Copy out each line of the listing below where the string "obtains" appears.

─── Records shown

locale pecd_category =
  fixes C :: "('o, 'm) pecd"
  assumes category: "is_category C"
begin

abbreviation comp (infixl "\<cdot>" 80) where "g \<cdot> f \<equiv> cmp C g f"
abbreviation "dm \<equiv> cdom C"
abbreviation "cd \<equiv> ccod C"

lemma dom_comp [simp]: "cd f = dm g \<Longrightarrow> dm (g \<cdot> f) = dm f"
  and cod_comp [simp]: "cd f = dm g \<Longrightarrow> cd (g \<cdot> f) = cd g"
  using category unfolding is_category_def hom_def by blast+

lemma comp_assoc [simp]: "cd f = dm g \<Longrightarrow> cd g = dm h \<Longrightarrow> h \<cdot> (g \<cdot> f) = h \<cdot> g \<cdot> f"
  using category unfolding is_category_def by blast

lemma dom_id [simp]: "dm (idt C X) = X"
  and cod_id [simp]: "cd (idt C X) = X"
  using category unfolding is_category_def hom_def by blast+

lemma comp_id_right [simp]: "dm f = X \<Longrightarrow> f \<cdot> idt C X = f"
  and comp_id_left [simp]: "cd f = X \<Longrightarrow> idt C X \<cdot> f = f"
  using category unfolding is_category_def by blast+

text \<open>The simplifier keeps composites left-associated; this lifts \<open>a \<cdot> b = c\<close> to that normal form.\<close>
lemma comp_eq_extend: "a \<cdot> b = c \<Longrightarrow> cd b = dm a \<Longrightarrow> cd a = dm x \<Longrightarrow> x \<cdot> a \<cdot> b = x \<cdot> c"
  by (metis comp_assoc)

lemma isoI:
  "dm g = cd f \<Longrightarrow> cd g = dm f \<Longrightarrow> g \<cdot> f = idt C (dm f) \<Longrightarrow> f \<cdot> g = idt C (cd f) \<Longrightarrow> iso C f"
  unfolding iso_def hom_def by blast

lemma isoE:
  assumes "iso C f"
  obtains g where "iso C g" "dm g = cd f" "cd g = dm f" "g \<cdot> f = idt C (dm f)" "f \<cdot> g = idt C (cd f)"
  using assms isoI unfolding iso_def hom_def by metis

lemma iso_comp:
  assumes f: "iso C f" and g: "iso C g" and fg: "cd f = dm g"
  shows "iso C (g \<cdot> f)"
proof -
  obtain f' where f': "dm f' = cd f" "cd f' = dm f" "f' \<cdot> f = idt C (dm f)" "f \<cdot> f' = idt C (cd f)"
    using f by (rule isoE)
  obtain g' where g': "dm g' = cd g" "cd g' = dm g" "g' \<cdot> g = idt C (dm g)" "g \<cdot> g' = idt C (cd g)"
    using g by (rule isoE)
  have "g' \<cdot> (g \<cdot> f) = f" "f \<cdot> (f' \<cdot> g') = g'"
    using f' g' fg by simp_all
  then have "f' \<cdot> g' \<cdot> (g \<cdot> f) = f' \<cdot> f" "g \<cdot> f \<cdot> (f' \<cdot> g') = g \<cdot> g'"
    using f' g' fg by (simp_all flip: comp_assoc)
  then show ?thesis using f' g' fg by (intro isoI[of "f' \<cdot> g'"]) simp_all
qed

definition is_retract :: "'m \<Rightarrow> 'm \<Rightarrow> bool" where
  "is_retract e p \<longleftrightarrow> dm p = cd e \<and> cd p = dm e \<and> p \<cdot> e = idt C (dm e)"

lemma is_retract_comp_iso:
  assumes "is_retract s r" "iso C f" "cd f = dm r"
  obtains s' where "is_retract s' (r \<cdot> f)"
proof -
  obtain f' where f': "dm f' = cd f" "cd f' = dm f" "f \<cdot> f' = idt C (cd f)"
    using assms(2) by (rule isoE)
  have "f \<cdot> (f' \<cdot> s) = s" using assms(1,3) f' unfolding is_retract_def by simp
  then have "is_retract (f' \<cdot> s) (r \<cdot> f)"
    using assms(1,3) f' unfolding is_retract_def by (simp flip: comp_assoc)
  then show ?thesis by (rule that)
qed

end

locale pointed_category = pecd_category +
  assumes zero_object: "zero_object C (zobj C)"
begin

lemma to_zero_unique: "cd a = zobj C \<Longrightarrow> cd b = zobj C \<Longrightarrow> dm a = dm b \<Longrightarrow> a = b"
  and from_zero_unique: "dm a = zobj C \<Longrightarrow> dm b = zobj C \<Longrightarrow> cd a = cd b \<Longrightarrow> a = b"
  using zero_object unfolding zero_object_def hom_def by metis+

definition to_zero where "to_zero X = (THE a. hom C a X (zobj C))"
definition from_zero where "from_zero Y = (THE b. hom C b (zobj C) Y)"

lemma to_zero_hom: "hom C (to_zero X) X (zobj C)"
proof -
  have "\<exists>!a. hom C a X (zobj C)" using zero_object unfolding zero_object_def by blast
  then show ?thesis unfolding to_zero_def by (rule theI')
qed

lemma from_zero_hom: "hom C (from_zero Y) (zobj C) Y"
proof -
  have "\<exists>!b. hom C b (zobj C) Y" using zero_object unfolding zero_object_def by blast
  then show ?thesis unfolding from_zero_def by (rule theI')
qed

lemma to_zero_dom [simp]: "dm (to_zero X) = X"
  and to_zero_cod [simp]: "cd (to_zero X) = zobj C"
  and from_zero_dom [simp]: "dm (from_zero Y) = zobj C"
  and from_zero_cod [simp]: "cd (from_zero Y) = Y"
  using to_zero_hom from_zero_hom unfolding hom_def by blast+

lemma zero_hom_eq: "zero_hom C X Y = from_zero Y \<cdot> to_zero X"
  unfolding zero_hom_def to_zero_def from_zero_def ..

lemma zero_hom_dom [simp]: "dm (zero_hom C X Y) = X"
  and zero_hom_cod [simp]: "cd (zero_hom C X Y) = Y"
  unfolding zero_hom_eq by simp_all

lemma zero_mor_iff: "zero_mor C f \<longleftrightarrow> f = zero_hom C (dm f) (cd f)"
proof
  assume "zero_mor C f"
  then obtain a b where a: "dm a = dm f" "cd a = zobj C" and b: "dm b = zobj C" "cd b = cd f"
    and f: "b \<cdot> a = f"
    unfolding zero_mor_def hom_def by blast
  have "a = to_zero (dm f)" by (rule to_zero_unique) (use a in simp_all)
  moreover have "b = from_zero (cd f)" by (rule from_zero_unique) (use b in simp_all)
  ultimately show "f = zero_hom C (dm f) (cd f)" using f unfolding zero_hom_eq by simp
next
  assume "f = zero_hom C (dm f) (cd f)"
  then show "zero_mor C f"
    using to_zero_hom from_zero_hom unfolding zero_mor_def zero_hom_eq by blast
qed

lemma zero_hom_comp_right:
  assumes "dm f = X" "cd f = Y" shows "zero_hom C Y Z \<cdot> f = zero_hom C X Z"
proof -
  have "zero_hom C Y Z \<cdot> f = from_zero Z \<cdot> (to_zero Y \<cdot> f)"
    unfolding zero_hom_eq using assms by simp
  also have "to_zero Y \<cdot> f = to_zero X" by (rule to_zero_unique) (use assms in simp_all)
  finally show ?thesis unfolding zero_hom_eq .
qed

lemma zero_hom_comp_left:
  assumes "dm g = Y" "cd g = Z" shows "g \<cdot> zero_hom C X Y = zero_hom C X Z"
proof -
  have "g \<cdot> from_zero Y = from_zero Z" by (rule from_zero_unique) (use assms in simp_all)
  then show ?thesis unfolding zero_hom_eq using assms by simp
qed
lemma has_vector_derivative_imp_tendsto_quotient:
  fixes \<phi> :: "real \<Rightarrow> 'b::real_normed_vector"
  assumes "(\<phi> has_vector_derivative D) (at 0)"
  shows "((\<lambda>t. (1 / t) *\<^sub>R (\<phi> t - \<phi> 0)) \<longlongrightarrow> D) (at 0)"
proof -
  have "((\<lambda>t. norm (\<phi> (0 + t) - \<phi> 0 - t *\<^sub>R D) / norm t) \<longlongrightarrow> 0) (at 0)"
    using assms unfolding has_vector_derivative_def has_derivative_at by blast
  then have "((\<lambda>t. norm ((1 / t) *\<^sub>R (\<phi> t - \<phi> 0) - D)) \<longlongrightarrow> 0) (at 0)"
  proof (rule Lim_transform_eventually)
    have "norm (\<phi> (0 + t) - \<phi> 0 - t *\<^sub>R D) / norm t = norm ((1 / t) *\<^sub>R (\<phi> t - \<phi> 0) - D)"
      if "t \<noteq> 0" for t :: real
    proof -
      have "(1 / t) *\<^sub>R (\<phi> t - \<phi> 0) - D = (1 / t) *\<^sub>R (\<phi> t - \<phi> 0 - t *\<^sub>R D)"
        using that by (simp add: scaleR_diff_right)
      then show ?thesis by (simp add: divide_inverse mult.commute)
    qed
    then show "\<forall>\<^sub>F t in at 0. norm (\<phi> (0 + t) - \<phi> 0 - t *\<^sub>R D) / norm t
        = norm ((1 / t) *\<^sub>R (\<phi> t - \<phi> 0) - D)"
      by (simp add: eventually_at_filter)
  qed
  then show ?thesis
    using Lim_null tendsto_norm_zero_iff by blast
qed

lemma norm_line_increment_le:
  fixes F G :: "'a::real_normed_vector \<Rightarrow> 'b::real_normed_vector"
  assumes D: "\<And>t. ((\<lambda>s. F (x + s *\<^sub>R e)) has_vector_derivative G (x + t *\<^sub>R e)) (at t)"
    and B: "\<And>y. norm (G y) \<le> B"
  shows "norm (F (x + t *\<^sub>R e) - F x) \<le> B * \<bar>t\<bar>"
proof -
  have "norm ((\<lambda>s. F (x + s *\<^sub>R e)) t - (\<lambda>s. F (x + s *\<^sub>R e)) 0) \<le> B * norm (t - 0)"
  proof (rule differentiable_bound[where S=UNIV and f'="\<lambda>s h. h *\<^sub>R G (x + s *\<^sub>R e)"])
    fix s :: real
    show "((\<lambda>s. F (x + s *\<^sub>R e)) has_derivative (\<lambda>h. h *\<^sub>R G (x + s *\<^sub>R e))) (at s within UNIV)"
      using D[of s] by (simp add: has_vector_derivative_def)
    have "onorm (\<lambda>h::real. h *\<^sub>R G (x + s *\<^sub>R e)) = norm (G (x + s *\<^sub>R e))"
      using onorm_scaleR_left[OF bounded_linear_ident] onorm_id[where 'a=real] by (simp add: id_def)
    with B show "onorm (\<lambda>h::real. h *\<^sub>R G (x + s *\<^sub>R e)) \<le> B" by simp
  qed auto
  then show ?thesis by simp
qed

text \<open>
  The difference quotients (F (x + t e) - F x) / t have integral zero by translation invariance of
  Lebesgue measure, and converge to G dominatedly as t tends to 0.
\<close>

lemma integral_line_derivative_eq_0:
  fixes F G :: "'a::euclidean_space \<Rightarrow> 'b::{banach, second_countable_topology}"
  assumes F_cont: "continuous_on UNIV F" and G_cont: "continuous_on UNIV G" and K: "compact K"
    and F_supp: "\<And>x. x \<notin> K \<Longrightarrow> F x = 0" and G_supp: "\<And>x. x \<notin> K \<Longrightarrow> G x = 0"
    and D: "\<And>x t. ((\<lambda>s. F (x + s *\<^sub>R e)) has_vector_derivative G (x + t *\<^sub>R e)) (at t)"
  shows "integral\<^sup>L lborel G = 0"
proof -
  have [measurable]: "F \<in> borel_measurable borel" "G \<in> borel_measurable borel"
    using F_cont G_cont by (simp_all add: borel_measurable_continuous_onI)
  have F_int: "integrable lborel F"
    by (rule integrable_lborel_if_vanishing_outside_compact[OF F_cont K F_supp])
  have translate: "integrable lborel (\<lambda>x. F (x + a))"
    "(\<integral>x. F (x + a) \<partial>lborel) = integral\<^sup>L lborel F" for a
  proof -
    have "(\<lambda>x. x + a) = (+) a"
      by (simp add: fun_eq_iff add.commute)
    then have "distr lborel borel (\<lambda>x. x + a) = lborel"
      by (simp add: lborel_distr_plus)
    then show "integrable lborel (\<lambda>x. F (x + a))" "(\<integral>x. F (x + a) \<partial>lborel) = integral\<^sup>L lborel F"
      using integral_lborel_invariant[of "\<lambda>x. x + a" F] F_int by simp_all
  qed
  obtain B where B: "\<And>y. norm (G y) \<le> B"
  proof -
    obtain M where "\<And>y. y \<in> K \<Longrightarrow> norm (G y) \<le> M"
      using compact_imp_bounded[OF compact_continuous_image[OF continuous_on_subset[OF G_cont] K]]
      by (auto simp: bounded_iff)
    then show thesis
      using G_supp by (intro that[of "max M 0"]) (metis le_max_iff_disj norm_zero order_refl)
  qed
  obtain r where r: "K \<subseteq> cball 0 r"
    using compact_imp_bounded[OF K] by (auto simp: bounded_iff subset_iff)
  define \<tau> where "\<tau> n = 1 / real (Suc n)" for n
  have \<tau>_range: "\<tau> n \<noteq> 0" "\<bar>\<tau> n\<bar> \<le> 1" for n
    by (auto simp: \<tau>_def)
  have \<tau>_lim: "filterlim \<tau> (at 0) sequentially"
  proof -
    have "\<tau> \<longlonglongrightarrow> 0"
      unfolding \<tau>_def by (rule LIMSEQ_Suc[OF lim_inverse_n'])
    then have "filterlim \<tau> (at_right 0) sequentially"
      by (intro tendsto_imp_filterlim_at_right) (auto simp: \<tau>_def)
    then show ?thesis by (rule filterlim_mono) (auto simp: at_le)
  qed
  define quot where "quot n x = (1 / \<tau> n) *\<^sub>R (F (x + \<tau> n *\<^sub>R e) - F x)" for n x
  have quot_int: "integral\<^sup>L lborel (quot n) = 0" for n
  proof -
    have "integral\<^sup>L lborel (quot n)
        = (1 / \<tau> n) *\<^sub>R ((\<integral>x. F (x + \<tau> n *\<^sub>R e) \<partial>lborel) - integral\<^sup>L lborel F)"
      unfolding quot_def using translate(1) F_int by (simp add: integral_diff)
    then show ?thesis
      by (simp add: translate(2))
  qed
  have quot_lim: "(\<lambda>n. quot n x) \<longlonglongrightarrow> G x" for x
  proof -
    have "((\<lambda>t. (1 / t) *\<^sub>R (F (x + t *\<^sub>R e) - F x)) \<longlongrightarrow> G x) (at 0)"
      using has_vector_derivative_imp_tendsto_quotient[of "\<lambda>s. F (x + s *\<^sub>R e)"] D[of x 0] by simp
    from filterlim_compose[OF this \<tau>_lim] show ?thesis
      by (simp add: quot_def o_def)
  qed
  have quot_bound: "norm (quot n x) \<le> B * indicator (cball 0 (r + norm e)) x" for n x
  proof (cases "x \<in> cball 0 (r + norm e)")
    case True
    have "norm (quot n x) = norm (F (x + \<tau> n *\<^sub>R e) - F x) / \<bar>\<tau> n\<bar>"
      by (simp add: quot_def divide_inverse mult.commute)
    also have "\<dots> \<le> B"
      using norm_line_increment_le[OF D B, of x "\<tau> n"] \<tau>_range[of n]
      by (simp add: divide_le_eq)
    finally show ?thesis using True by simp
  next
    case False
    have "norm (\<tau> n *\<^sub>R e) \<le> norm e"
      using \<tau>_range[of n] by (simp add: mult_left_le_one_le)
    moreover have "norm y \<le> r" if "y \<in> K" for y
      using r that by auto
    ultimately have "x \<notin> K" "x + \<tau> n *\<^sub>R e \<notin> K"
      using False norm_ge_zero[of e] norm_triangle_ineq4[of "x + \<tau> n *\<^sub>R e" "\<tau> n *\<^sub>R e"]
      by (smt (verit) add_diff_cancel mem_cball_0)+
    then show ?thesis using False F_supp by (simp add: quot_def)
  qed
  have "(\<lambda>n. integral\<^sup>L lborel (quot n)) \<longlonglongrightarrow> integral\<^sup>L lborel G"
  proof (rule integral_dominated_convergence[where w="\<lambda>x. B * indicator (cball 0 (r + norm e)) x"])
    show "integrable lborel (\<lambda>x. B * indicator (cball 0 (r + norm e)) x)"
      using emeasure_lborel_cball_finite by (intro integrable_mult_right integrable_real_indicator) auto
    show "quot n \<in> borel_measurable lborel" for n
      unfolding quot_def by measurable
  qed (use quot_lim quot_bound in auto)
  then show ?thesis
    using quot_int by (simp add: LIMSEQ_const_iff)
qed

──────

◆ Output of the task:
  obtains g where "iso C g" "dm g = cd f" "cd g = dm f" "g \<cdot> f = idt C (dm f)" "f \<cdot> g = idt C (cd f)"
  obtains s' where "is_retract s' (r \<cdot> f)"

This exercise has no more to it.